Data items:
= = = =

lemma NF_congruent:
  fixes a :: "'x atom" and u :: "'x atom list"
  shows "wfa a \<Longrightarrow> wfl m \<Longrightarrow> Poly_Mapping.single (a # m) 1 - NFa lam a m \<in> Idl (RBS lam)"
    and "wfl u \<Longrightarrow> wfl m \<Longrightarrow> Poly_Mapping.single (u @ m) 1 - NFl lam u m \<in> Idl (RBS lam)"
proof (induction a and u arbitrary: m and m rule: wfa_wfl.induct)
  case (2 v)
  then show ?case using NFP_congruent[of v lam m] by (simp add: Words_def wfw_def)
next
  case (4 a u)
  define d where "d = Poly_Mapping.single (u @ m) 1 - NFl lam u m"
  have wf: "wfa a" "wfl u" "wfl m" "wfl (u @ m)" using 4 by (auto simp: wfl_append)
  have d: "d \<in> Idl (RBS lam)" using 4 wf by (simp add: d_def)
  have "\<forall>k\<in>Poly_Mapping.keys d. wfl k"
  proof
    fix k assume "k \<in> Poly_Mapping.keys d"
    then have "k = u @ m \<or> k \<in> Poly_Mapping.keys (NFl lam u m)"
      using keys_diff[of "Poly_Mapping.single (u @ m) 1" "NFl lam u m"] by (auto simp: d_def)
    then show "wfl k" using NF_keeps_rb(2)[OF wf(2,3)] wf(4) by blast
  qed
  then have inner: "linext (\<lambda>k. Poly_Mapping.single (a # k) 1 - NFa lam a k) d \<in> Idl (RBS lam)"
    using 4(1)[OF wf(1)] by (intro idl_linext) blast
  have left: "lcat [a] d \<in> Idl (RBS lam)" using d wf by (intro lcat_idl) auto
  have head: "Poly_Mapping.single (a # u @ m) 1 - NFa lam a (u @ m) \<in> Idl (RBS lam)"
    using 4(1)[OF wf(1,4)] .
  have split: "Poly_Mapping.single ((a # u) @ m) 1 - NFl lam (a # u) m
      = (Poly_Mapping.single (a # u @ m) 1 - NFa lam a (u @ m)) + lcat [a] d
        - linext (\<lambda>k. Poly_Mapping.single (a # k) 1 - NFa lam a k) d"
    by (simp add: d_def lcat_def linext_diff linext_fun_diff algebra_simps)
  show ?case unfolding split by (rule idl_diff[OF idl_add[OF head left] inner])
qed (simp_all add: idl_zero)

= = = =

Work required:
Could you retype every record above exactly as given?

Answer section:
lemma NF_congruent:
  fixes a :: "'x atom" and u :: "'x atom list"
  shows "wfa a \<Longrightarrow> wfl m \<Longrightarrow> Poly_Mapping.single (a # m) 1 - NFa lam a m \<in> Idl (RBS lam)"
    and "wfl u \<Longrightarrow> wfl m \<Longrightarrow> Poly_Mapping.single (u @ m) 1 - NFl lam u m \<in> Idl (RBS lam)"
proof (induction a and u arbitrary: m and m rule: wfa_wfl.induct)
  case (2 v)
  then show ?case using NFP_congruent[of v lam m] by (simp add: Words_def wfw_def)
next
  case (4 a u)
  define d where "d = Poly_Mapping.single (u @ m) 1 - NFl lam u m"
  have wf: "wfa a" "wfl u" "wfl m" "wfl (u @ m)" using 4 by (auto simp: wfl_append)
  have d: "d \<in> Idl (RBS lam)" using 4 wf by (simp add: d_def)
  have "\<forall>k\<in>Poly_Mapping.keys d. wfl k"
  proof
    fix k assume "k \<in> Poly_Mapping.keys d"
    then have "k = u @ m \<or> k \<in> Poly_Mapping.keys (NFl lam u m)"
      using keys_diff[of "Poly_Mapping.single (u @ m) 1" "NFl lam u m"] by (auto simp: d_def)
    then show "wfl k" using NF_keeps_rb(2)[OF wf(2,3)] wf(4) by blast
  qed
  then have inner: "linext (\<lambda>k. Poly_Mapping.single (a # k) 1 - NFa lam a k) d \<in> Idl (RBS lam)"
    using 4(1)[OF wf(1)] by (intro idl_linext) blast
  have left: "lcat [a] d \<in> Idl (RBS lam)" using d wf by (intro lcat_idl) auto
  have head: "Poly_Mapping.single (a # u @ m) 1 - NFa lam a (u @ m) \<in> Idl (RBS lam)"
    using 4(1)[OF wf(1,4)] .
  have split: "Poly_Mapping.single ((a # u) @ m) 1 - NFl lam (a # u) m
      = (Poly_Mapping.single (a # u @ m) 1 - NFa lam a (u @ m)) + lcat [a] d
        - linext (\<lambda>k. Poly_Mapping.single (a # k) 1 - NFa lam a k) d"
    by (simp add: d_def lcat_def linext_diff linext_fun_diff algebra_simps)
  show ?case unfolding split by (rule idl_diff[OF idl_add[OF head left] inner])
qed (simp_all add: idl_zero)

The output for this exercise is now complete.